# First Steelhead, finally...



## Beer Baron (Dec 29, 2009)

Finally hooked my first steelhead after 4 trips to 6th street. went 3 for 4 last week Wednesday. 2 bucks 29 & 30" 9Lbs ea. 1 Bright chrome hen 24" 6 Lbs. Switched up tactics a bit started throwing a 3/4 oz little cleo white glow spoon with orange dots with a orange yarn puff with a few drops of super juice. Munching on the slow smoked results as I type. Thanks for the advice from all.


----------



## wintrrun (Jun 11, 2008)

WTG!!
Nice to hear ya got a hardware strike going.
wint


----------



## Sprig (Jul 18, 2004)

Beer Baron said:


> Finally hooked my first steelhead after 4 trips to 6th street. went 3 for 4 last week Wednesday. 2 bucks 29 & 30" 9Lbs ea. 1 Bright chrome hen 24" 6 Lbs. Switched up tactics a bit started throwing a 3/4 oz little cleo white glow spoon with orange dots with a orange yarn puff with a few drops of super juice. Munching on the slow smoked results as I type. Thanks for the advice from all.

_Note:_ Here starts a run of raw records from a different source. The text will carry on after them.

lemma bounded_prob_density_integral_diff_ge:
  assumes \<rho>: "bounded_prob_density_on_cube \<rho>"
    and D: "D \<in> sets lebesgue" "D \<subseteq> unit_cube" "measure lebesgue D \<le> m"
  shows "1 - m * (SUP x\<in>unit_cube. \<rho> x) \<le> (LINT x:unit_cube - D|lebesgue. \<rho> x)"
proof -
  define U where "U = (SUP x\<in>unit_cube. \<rho> x)"
  have nonneg: "\<And>x. x \<in> unit_cube \<Longrightarrow> 0 \<le> \<rho> x"
    and int: "set_integrable lebesgue unit_cube \<rho>"
    and total: "(LINT x:unit_cube|lebesgue. \<rho> x) = 1"
    and bdd: "bdd_above (\<rho> ` unit_cube)"
    using \<rho> by (auto simp: bounded_prob_density_on_cube_def)
  have le_U: "\<rho> x \<le> U" if "x \<in> unit_cube" for x
    unfolding U_def using bdd that by (rule cSUP_upper2) simp
  have "0 \<le> U"
    using nonneg[of 0] le_U[of 0] by (simp add: unit_cube_def)
  have D_fin: "emeasure lebesgue D \<noteq> \<infinity>"
    using emeasure_mono[OF D(2), of lebesgue] by (auto simp: emeasure_unit_cube top_unique)
  have int_diff: "set_integrable lebesgue (unit_cube - D) \<rho>"
    using D(1) by (intro set_integrable_subset[OF int]) auto
  have int_D: "set_integrable lebesgue D \<rho>"
    using D(1,2) by (rule set_integrable_subset[OF int])
  have int_U: "set_integrable lebesgue D (\<lambda>_. U)"
    unfolding set_integrable_def using D(1) D_fin
    by (intro integrable_scaleR_left integrable_real_indicator) (auto simp: less_top)
  have "1 = (LINT x:(unit_cube - D) \<union> D|lebesgue. \<rho> x)"
    using total D(2) by (simp add: Un_absorb2)
  also have "\<dots> = (LINT x:unit_cube - D|lebesgue. \<rho> x) + (LINT x:D|lebesgue. \<rho> x)"
    by (rule set_integral_Un[OF _ int_diff int_D]) auto
  also have "(LINT x:D|lebesgue. \<rho> x) \<le> (LINT x:D|lebesgue. U)"
    using int_D int_U by (rule set_integral_mono) (use le_U D(2) in auto)
  also have "\<dots> = measure lebesgue D * U"
    using D(1) D_fin by (simp add: set_integral_const)
  also have "\<dots> \<le> m * U"
    using D(3) \<open>0 \<le> U\<close> by (rule mult_right_mono)
  finally show ?thesis
    by (simp add: U_def)
qed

 Congrats!!!! Nicely done. Now your 'hooked'


----------



## no lead (Jul 28, 2005)

there is still time to get out! you stand at a cross road and don't know it. 

one path leads to a normal life, the other, madness. you must choose, choose wisely.

nice job on the cromers. wait till next month.


----------



## Multispeciestamer (Jan 27, 2010)

I have yet to fish for steelhead yet, I dont feel the local conditions are right yet not that I couldnt pick of a few in such conditions just dont feel like wasting my time for 1 steelie a day.


----------



## samsteel (Oct 6, 2008)

one of my favorite things to do is "waste" my time on one steelie a day


----------



## Julez81 (Feb 6, 2009)

I thought about going this morning, but with the smelt bite good on Gull Lake it may be a couple more weeks for me. Grats on your first Steelies, they are a blast aren't they! It only gets better. Fish on. -Josh


----------



## Beer Baron (Dec 29, 2009)

Multispeciestamer said:


> I have yet to fish for steelhead yet, I dont feel the local conditions are right yet not that I couldnt pick of a few in such conditions just dont feel like wasting my time for 1 steelie a day.


i guess it is about perspective, i find any time I can be in the out of doors honing a craft, working on technique, learning and being in the moment is hard to beat. Fish or no fish I learn more on every trip to the river, the treestand or an hole in the ice. I am a world champion waster of time.


----------



## no lead (Jul 28, 2005)

Beer Baron said:


> i guess it is about perspective, i find any time I can be in the out of doors honing a craft, working on technique, learning and being in the moment is hard to beat. Fish or no fish I learn more on every trip to the river, the treestand or an hole in the ice. I am a world champion waster of time.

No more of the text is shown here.